** PROBLEM STATEMENT **
Please transcribe exactly, and only, the lines of the data below between the line holding "(simp_all add: powr_diff)" and the line holding "(\<Sum>i<K'. real (Suc", inclusive.

** DATASET RECORDS **
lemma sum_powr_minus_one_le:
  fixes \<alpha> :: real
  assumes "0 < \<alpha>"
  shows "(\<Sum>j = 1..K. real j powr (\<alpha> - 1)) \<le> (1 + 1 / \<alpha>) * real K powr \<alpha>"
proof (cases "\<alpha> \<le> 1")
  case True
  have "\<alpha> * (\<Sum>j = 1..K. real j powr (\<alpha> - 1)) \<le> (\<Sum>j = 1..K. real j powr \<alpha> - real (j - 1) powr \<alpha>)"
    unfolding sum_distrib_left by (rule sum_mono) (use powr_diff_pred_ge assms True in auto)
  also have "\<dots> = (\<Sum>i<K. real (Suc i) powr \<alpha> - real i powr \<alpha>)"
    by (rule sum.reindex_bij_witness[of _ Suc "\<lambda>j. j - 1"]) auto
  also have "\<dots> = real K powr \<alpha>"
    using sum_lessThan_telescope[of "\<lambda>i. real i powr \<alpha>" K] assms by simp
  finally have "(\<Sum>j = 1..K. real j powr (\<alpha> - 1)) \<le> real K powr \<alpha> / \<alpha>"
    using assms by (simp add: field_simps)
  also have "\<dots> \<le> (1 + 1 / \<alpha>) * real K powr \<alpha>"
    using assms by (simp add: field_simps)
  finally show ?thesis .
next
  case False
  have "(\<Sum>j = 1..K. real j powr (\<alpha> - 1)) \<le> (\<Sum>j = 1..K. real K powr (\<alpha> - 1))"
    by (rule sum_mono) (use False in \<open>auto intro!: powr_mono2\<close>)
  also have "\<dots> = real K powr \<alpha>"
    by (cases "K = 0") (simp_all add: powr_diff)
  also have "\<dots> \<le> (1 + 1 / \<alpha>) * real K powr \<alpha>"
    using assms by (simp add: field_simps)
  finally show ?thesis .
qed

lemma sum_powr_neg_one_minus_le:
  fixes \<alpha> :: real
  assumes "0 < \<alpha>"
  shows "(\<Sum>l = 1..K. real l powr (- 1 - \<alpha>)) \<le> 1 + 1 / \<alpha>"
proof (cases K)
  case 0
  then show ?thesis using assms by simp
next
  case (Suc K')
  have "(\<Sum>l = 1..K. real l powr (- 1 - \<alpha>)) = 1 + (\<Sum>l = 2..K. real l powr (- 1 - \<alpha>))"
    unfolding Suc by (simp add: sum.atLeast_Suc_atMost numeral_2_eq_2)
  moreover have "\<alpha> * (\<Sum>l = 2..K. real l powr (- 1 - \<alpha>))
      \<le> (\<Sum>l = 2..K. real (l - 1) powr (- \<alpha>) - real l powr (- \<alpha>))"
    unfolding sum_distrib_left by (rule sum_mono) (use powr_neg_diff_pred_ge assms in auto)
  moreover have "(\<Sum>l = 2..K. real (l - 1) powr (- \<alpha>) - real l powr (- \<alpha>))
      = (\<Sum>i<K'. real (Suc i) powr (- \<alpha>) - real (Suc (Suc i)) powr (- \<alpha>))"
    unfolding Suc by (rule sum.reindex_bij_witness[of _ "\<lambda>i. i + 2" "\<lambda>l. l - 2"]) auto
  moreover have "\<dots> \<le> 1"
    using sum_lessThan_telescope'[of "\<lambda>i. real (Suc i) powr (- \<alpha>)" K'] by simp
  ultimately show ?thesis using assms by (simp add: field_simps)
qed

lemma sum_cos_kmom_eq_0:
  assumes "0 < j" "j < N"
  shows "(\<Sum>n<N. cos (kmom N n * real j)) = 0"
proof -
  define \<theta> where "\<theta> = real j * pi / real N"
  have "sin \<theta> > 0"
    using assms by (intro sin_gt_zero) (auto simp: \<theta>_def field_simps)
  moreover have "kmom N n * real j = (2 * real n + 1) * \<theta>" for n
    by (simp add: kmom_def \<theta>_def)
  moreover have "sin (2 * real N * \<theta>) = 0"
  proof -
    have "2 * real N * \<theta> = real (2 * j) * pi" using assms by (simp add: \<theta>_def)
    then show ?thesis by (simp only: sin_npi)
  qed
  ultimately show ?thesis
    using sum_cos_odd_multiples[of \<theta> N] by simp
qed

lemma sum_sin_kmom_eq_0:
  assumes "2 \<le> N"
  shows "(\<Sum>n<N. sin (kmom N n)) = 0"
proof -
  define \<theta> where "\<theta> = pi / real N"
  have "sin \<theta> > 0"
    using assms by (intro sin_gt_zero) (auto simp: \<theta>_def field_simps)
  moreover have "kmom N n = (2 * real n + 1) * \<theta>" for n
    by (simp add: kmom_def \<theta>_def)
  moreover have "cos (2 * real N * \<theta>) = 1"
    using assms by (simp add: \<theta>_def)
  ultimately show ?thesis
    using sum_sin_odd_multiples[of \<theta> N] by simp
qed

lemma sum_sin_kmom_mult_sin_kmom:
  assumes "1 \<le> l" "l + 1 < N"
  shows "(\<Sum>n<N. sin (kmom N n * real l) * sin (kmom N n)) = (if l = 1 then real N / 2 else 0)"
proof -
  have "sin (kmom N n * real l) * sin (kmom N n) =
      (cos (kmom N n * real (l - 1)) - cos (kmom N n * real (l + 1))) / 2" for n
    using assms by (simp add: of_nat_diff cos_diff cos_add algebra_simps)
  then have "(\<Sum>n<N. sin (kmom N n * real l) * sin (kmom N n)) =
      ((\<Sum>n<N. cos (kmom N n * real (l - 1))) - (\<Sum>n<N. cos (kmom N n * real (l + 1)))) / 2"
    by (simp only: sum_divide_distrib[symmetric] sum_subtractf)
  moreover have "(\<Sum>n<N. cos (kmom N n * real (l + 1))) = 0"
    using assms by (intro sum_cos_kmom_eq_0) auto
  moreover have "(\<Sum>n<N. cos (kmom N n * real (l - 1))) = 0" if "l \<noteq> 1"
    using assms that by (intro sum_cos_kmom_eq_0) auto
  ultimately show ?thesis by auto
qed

** SOLUTION TO THE EXERCISE **
    by (cases "K = 0") (simp_all add: powr_diff)
  also have "\<dots> \<le> (1 + 1 / \<alpha>) * real K powr \<alpha>"
    using assms by (simp add: field_simps)
  finally show ?thesis .
qed

lemma sum_powr_neg_one_minus_le:
  fixes \<alpha> :: real
  assumes "0 < \<alpha>"
  shows "(\<Sum>l = 1..K. real l powr (- 1 - \<alpha>)) \<le> 1 + 1 / \<alpha>"
proof (cases K)
  case 0
  then show ?thesis using assms by simp
next
  case (Suc K')
  have "(\<Sum>l = 1..K. real l powr (- 1 - \<alpha>)) = 1 + (\<Sum>l = 2..K. real l powr (- 1 - \<alpha>))"
    unfolding Suc by (simp add: sum.atLeast_Suc_atMost numeral_2_eq_2)
  moreover have "\<alpha> * (\<Sum>l = 2..K. real l powr (- 1 - \<alpha>))
      \<le> (\<Sum>l = 2..K. real (l - 1) powr (- \<alpha>) - real l powr (- \<alpha>))"
    unfolding sum_distrib_left by (rule sum_mono) (use powr_neg_diff_pred_ge assms in auto)
  moreover have "(\<Sum>l = 2..K. real (l - 1) powr (- \<alpha>) - real l powr (- \<alpha>))
      = (\<Sum>i<K'. real (Suc i) powr (- \<alpha>) - real (Suc (Suc i)) powr (- \<alpha>))"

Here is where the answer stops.